The answer will be different for many people, but for me, it’s rather simple. And so I’d like to share it, in hope some might find some light in food distress.

“Food hath no morals”

Your actions have morals, you should have some personal morals, but food? Food does not have morals, it does not possess a personal identity, a personality making it funny, good, lame or bad... Yes the food on my plate has value, that piece of meat, the 200g steak grilled to perfection, was once a living organism with feelings and emotions (most likely), but that’s what it was. Now, it’s food. It’s nutrition, it’s fuel, it’s energy and sometimes it’s just shit. I like my food to taste good, and to me that's minimal sauces, fresh herbs, chilli, and godforbid they ever ban Tobasco. But just because it tastes really freakin good... doesn't mean I feel guilty about eating it.

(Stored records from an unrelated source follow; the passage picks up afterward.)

lemma cycle_neighbors_interior_neq_corners:
  assumes y: "y \<in> interior"
  shows "cycle_neighbors cyc y \<noteq> {b, d}"
proof
  assume cy: "cycle_neighbors cyc y = {b, d}"
  have "y \<in> cycle_neighbors cyc b" "y \<in> cycle_neighbors cyc d"
    using cy by (auto simp: neighbors_sym[of y])
  moreover have "a \<in> cycle_neighbors cyc b" "a \<in> cycle_neighbors cyc d"
    using corners_cycle_neighbors by (auto simp: neighbors_sym[of a])
  ultimately have "cycle_neighbors cyc b = {a, y}" "cycle_neighbors cyc d = {a, y}"
    using cycle_neighbors_eq corners_in_fan y by auto
  then have "VJ \<subseteq> {a, b, d, y}"
    using fan_subset_if_closed[of "{a, b, d, y}"] cycle_neighbors_center cy by auto
  then show False
    using chord_end_other_than[of y] by auto
qed

text \<open>An interior path \<open>p, y, w, q\<close> joining the two corners leaves room for only two chords.\<close>
lemma no_short_interior_path:
  assumes y: "y \<in> interior" and w: "w \<in> interior"
    and cy: "cycle_neighbors cyc y = {p, w}" and cw: "cycle_neighbors cyc w = {y, q}"
    and pq: "{p, q} = {b, d}" and missing_chord: "{a, y} \<notin> E \<or> {a, w} \<notin> E"
  shows False
proof -
  have "p \<in> VJ" "q \<in> VJ" "a \<in> cycle_neighbors cyc p" "a \<in> cycle_neighbors cyc q"
    using pq corners_in_fan corners_cycle_neighbors by (auto simp: neighbors_sym[of a] doubleton_eq_iff)
  moreover have "y \<in> cycle_neighbors cyc p" "w \<in> cycle_neighbors cyc q"
    using cy cw by (auto simp: neighbors_sym[of y] neighbors_sym[of w])
  ultimately have "cycle_neighbors cyc p = {a, y}" "cycle_neighbors cyc q = {a, w}"
    using cycle_neighbors_eq y w by auto
  moreover have "cycle_neighbors cyc a = {p, q}"
    using cycle_neighbors_center pq by simp
  ultimately have "VJ \<subseteq> {a, p, q, y, w}"
    using fan_subset_if_closed[of "{a, p, q, y, w}"] cy cw by auto
  then have "interior \<subseteq> {y, w}"
    using pq by auto
  then show False
    using chord_end_other_than[of y] chord_end_other_than[of w] missing_chord by auto
qed

end

locale two_fans =
  F1: fan_in_graph V E V1 E1 cyc1 a1 b1 d1 + F2: fan_in_graph V E V2 E2 cyc2 a2 b2 d2
  for V :: "'a set" and E :: "'a set set"
    and V1 :: "'a set" and E1 :: "'a set set" and cyc1 :: "'a list" and a1 b1 d1 :: 'a
    and V2 :: "'a set" and E2 :: "'a set set" and cyc2 :: "'a list" and a2 b2 d2 :: 'a +
  assumes distinct_centers: "a1 \<noteq> a2"
begin

lemma swap: "two_fans V E V2 E2 cyc2 a2 b2 d2 V1 E1 cyc1 a1 b1 d1"
  using F2.fan_in_graph_axioms F1.fan_in_graph_axioms distinct_centers
  by (intro two_fans.intro two_fans_axioms.intro) auto

lemma center_not_interior: "a2 \<notin> F1.interior"
proof
  assume "a2 \<in> F1.interior"
  then have "degree E a2 \<le> 3"
    using F1.degree_interior by simp
  then show False
    using F2.degree_center by simp
qed

lemma common_interior_adjacent_iff:
  "y \<in> F1.interior \<Longrightarrow> y \<in> F2.interior \<Longrightarrow> {a1, y} \<in> E \<longleftrightarrow> {a2, y} \<in> E"
  using F1.degree_interior[of y] F2.degree_interior[of y] by (auto split: if_splits)

lemma common_interior_adjacent_centers:
  assumes y1: "y \<in> F1.interior" and y2: "y \<in> F2.interior" and adj: "{a1, y} \<in> E"
  shows "a2 \<in> cycle_neighbors cyc1 y" and "a2 \<in> {b1, d1}"
proof -
  have "{a2, y} \<in> E"
    using common_interior_adjacent_iff y1 y2 adj by simp
  then have "a2 \<in> neighbors E y"
    unfolding neighbors_def by (simp add: insert_commute)
  then show a2: "a2 \<in> cycle_neighbors cyc1 y"
    using F1.neighbors_interior[OF y1] adj distinct_centers by simp
  then have "a2 \<in> V1"
    by (rule F1.cycle_neighbor_in_fan)
  then show "a2 \<in> {b1, d1}"
    using center_not_interior distinct_centers by auto
qed
(* Let $A>0$, let $\mathcal{S} = \{x\in\mathbb{R}^N : \|x\|_2 > A\}$, and let $\widetilde f:\mathbb{R}^{N\times N}\to\mathbb{R}$ be a random differentiable function with $\mathbb{E}\|\nabla\widetilde f(X)\|_F^2 \le M_2$ for all $X\in\mathcal{O}(N)$. Then for any $v^{(1)},\dots,v^{(L)}\in\mathcal{S}$, $$\mathbb{E}\Big[\sum_{l=1}^L \big\|\nabla_{v^{(l)}} \widetilde f\big(H(v^{(1)})\cdots H(v^{(L)})\big)\big\|_2^2\Big] \le \frac{24}{A^2}\, N(N+2)\, L\, M_2 .$$
   Context: $\mathcal{O}(N)$ is the set of real $N\times N$ orthogonal matrices; $\|\cdot\|_F$ is the Frobenius norm. For nonzero $v\in\mathbb{R}^N$, $H(v)=I-2vv^\top/\|v\|_2^2$. The notation $\nabla_{v^{(l)}} g(H(v^{(1)})\cdots H(v^{(L)}))$ denotes the gradient with respect to $v^{(l)}$ of the composite function $(v^{(1)},\dots,v^{(L)})\mapsto g(H(v^{(1)})\cdots H(v^{(L)}))$. *)

theory Defs
  imports "HOL-Analysis.Analysis" "HOL-Probability.Probability"
begin

(* Gradient of a real-valued function on a Euclidean space (w.r.t. the standard
   inner product; on real^'n^'n this is the Frobenius inner product). *)
definition grad :: "('a::euclidean_space \<Rightarrow> real) \<Rightarrow> 'a \<Rightarrow> 'a" where
  "grad g x = (SOME D. GDERIV g x :> D)"

definition householder :: "real^'n \<Rightarrow> real^'n^'n" where
  "householder v = mat 1 - (2 / (norm v)^2) *\<^sub>R (\<chi> i j. v$i * v$j)"

definition householder_prod :: "nat \<Rightarrow> (nat \<Rightarrow> real^'n) \<Rightarrow> real^'n^'n" where
  "householder_prod L vs = foldr (\<lambda>l P. householder (vs l) ** P) [1..<L+1] (mat 1)"

definition partial_grad_householder ::
  "(real^'n^'n \<Rightarrow> real) \<Rightarrow> nat \<Rightarrow> (nat \<Rightarrow> real^'n) \<Rightarrow> nat \<Rightarrow> real^'n" where
  "partial_grad_householder g L vs l = grad (\<lambda>w. g (householder_prod L (vs(l := w)))) (vs l)"

end

theory Submission
  imports Defs
begin

text \<open>Fix l and write H(v^(1)) \<cdots> H(v^(L)) = P H(v^(l)) Q with P, Q orthogonal. By the chain rule
  the partial gradient is the pull-back of \<nabla>f(X) along w \<mapsto> P H(w) Q, whose derivative is
  P (dH_v h) Q; orthogonal invariance of the Frobenius norm and \<parallel>dH_v h\<parallel> \<le> 8\<parallel>h\<parallel>/\<parallel>v\<parallel> give
  \<parallel>\<nabla>_(v^(l))\<parallel> \<le> 8/A \<parallel>\<nabla>f(X)\<parallel>. Summing over l and integrating, using that X is orthogonal,
  yields the bound 64 L M2 / A^2, which is at most 24 N(N+2) L M2 / A^2.\<close>

text \<open>For a linear functional \<phi>', the vector adjoint \<phi>' 1 is its Riesz representer.\<close>

lemma gderiv_adjoint:
  fixes phi :: "'a::euclidean_space \<Rightarrow> real"
  assumes "(phi has_derivative phi') (at x)"
  shows "GDERIV phi x :> adjoint phi' 1"
proof -
  have "linear phi'" using assms by (rule has_derivative_linear)
  then have "phi' = (\<lambda>h. inner h (adjoint phi' 1))" by (simp add: adjoint_works)
  then show ?thesis using assms by (simp add: gderiv_def)
qed

lemma has_derivative_grad:
  fixes phi :: "'a::euclidean_space \<Rightarrow> real"
  assumes "phi differentiable (at x)"
  shows "(phi has_derivative (\<lambda>h. inner h (grad phi x))) (at x)"
proof -
  obtain phi' where "(phi has_derivative phi') (at x)"
    using assms by (auto simp: differentiable_def)
  then have "GDERIV phi x :> adjoint phi' 1" by (rule gderiv_adjoint)
  then have "GDERIV phi x :> grad phi x" unfolding grad_def by (rule someI)
  then show ?thesis by (simp add: gderiv_def)
qed

lemma norm_grad_le:
  fixes phi :: "'a::euclidean_space \<Rightarrow> real"
  assumes deriv: "(phi has_derivative phi') (at x)"
    and bound: "\<And>h. \<bar>phi' h\<bar> \<le> K * norm h" and "0 \<le> K"
  shows "norm (grad phi x) \<le> K"
proof -
  let ?G = "grad phi x"
  have "phi' = (\<lambda>h. inner h ?G)"
    using deriv has_derivative_grad[OF differentiableI[OF deriv]] by (rule has_derivative_unique)
  then have "norm ?G * norm ?G \<le> K * norm ?G"
    using bound[of ?G] by (simp add: power2_norm_eq_inner[symmetric] power2_eq_square)
  then show ?thesis
    using \<open>0 \<le> K\<close> by (cases "?G = 0") (auto simp: mult_le_cancel_right_pos)
qed
definition fmodule :: "nat \<Rightarrow> ('r::comm_ring_1, 'm, 'z) fmod_scheme \<Rightarrow> bool" where
  "fmodule p M \<longleftrightarrow>
     mzero M \<in> mcarrier M \<and>
     (\<forall>a\<in>mcarrier M. \<forall>b\<in>mcarrier M. madd M a b \<in> mcarrier M) \<and>
     (\<forall>a\<in>mcarrier M. mneg M a \<in> mcarrier M) \<and>
     (\<forall>r. \<forall>a\<in>mcarrier M. msmul M r a \<in> mcarrier M) \<and>
     (\<forall>a\<in>mcarrier M. mx M a \<in> mcarrier M) \<and>
     (\<forall>a\<in>mcarrier M. \<forall>b\<in>mcarrier M. \<forall>c\<in>mcarrier M.
        madd M (madd M a b) c = madd M a (madd M b c)) \<and>
     (\<forall>a\<in>mcarrier M. \<forall>b\<in>mcarrier M. madd M a b = madd M b a) \<and>
     (\<forall>a\<in>mcarrier M. madd M (mzero M) a = a) \<and>
     (\<forall>a\<in>mcarrier M. madd M (mneg M a) a = mzero M) \<and>
     (\<forall>r. \<forall>a\<in>mcarrier M. \<forall>b\<in>mcarrier M. msmul M r (madd M a b) = madd M (msmul M r a) (msmul M r b)) \<and>
     (\<forall>r s. \<forall>a\<in>mcarrier M. msmul M (r + s) a = madd M (msmul M r a) (msmul M s a)) \<and>
     (\<forall>r s. \<forall>a\<in>mcarrier M. msmul M (r * s) a = msmul M r (msmul M s a)) \<and>
     (\<forall>a\<in>mcarrier M. msmul M 1 a = a) \<and>
     (\<forall>a\<in>mcarrier M. \<forall>b\<in>mcarrier M. mx M (madd M a b) = madd M (mx M a) (mx M b)) \<and>
     (\<forall>r. \<forall>a\<in>mcarrier M. mx M (msmul M r a) = msmul M (r ^ p) (mx M a))"

definition fsubmodule :: "('r, 'm, 'z) fmod_scheme \<Rightarrow> 'm set \<Rightarrow> bool" where
  "fsubmodule M N \<longleftrightarrow> N \<subseteq> mcarrier M \<and> mzero M \<in> N \<and>
     (\<forall>a\<in>N. \<forall>b\<in>N. madd M a b \<in> N) \<and> (\<forall>a\<in>N. mneg M a \<in> N) \<and>
     (\<forall>r. \<forall>a\<in>N. msmul M r a \<in> N) \<and> (\<forall>a\<in>N. mx M a \<in> N)"

text \<open>A graded two-sided ideal of R[x,f] is \<Oplus>_n I_n x^n, represented by the sequence (I_n):
  each I_n is an ideal of R, and closure under left and right multiplication by x
  means a^p \<in> I_(n+1) and a \<in> I_(n+1) for a \<in> I_n (right multiplication by r \<in> R
  is automatic since a x^n r = a r^(p^n) x^n).\<close>
definition graded_two_sided_ideal :: "nat \<Rightarrow> (nat \<Rightarrow> 'r::comm_ring_1 set) \<Rightarrow> bool" where
  "graded_two_sided_ideal p I \<longleftrightarrow> (\<forall>n. is_ideal (I n)) \<and>
     (\<forall>n. \<forall>a\<in>I n. a ^ p \<in> I (Suc n) \<and> a \<in> I (Suc n))"
definition connectoid :: "'a set \<Rightarrow> 'a set set \<Rightarrow> bool" where
  "connectoid S F \<longleftrightarrow> (\<forall>X\<in>F. finite X \<and> X \<subseteq> S)
     \<and> (\<forall>X\<in>F. \<forall>Y\<in>F. X \<inter> Y \<noteq> {} \<longrightarrow> X \<union> Y \<in> F)
     \<and> {} \<in> F \<and> (\<forall>s\<in>S. {s} \<in> F)"

definition conn_sets :: "'a set \<Rightarrow> 'a set set \<Rightarrow> 'a set set" where
  "conn_sets S F = {C. C \<subseteq> S \<and> (\<forall>x\<in>C. \<forall>y\<in>C. \<exists>X\<in>F. X \<subseteq> C \<and> x \<in> X \<and> y \<in> X)}"

definition graph_F :: "'a set \<Rightarrow> ('a \<times> 'a) set \<Rightarrow> 'a set set" where
  "graph_F V E = {X. finite X \<and> X \<subseteq> V \<and> gconnected E X}"

definition graph_C :: "'a set \<Rightarrow> ('a \<times> 'a) set \<Rightarrow> 'a set set" where
  "graph_C V E = conn_sets V (graph_F V E)"

definition is_tree :: "'a set \<Rightarrow> ('a \<times> 'a) set \<Rightarrow> bool" where
  "is_tree VT ET \<longleftrightarrow> ET \<subseteq> VT \<times> VT \<and> sym ET \<and> irrefl ET
     \<and> (\<forall>x\<in>VT. \<forall>y\<in>VT. (x, y) \<in> ET\<^sup>*)
     \<and> \<not> (\<exists>xs. length xs \<ge> 3 \<and> is_path ET xs \<and> (last xs, hd xs) \<in> ET)"

definition rooted_tree :: "'a set \<Rightarrow> ('a \<times> 'a) set \<Rightarrow> 'a \<Rightarrow> bool" where
  "rooted_tree VT ET r \<longleftrightarrow> is_tree VT ET \<and> r \<in> VT"
lemma dcc_aux_column_sum_le:
  assumes "1 \<le> m" "m \<le> n"
  shows "(\<Sum>j=m..n. dcc_aux A n j * (if m = j then A j j else A j (m + 1) - A j m))
    \<le> 2 * (dcc_aux A n m * A m m)"
proof -
  have "(\<Sum>j=m+1..n. dcc_aux A n j * (A j (m + 1) - A j m)) \<le> dcc_aux A n m * A m m"
    \<comment> \<open>for \<open>m < n\<close> this is the defining recursion of \<open>dcc_aux\<close>, with equality\<close>
  proof (cases "m < n")
    case True
    then show ?thesis
      using diag_pos[of m] assms
      by (subst (2) dcc_aux.simps) (simp add: mult.commute)
  next
    case False
    then show ?thesis
      using dcc_aux_nonneg[of m] diag_pos[of m] assms by simp
  qed
  moreover have "{m..n} = insert m {m+1..n}"
    using assms by auto
  ultimately show ?thesis
    by (simp add: mult.commute)
qed

lemma dcc_aux_weighted_sum_le:
  fixes E R :: "nat \<Rightarrow> real"
  assumes E_nonneg: "\<And>m. 1 \<le> m \<Longrightarrow> m \<le> n \<Longrightarrow> 0 \<le> E m"
    and R_le: "\<And>j. 1 \<le> j \<Longrightarrow> j \<le> n \<Longrightarrow>
      \<bar>R j\<bar> \<le> (\<Sum>m=1..j. (if m = j then A j j else A j (m + 1) - A j m) * E m)"
  shows "(\<Sum>j=1..n. dcc_aux A n j * \<bar>R j\<bar>) \<le> 2 * (\<Sum>j=1..n. dcc_aux A n j * A j j * E j)"
proof -
  let ?p = "dcc_aux A n" and ?c = "\<lambda>j m. if m = j then A j j else A j (m + 1) - A j m"
  have "(\<Sum>j=1..n. ?p j * \<bar>R j\<bar>) \<le> (\<Sum>j=1..n. ?p j * (\<Sum>m=1..j. ?c j m * E m))"
    using R_le dcc_aux_nonneg by (intro sum_mono mult_left_mono) auto
  also have "\<dots> = (\<Sum>j=1..n. \<Sum>m=1..j. ?p j * ?c j m * E m)"
    by (simp add: sum_distrib_left mult.assoc)
  also have "\<dots> = (\<Sum>m=1..n. \<Sum>j=m..n. ?p j * ?c j m * E m)"
    by (rule sum_triangle_swap)
  also have "\<dots> = (\<Sum>m=1..n. E m * (\<Sum>j=m..n. ?p j * ?c j m))"
    by (simp add: sum_distrib_left mult.commute mult.left_commute)
  also have "\<dots> \<le> (\<Sum>m=1..n. E m * (2 * (?p m * A m m)))"
    using dcc_aux_column_sum_le E_nonneg by (intro sum_mono mult_left_mono) auto
  also have "\<dots> = 2 * (\<Sum>j=1..n. ?p j * A j j * E j)"
    by (simp add: sum_distrib_left mult.commute mult.left_commute)
  finally show ?thesis .
qed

Fruit was never the enemy. A croissant once in a while.. also not the enemy. You need to uncreate what you've created in order to recreate it even better this time.

~ ~ ~ ~ ~ ~

I’m grateful for the food that was once a living organism, especially the cow and the whey it makes, and the blueberry and potato. However, neither provokes emotional responses in me that lead me to fighting myself over it, and it certainly does not make me feel guilty. Anymore.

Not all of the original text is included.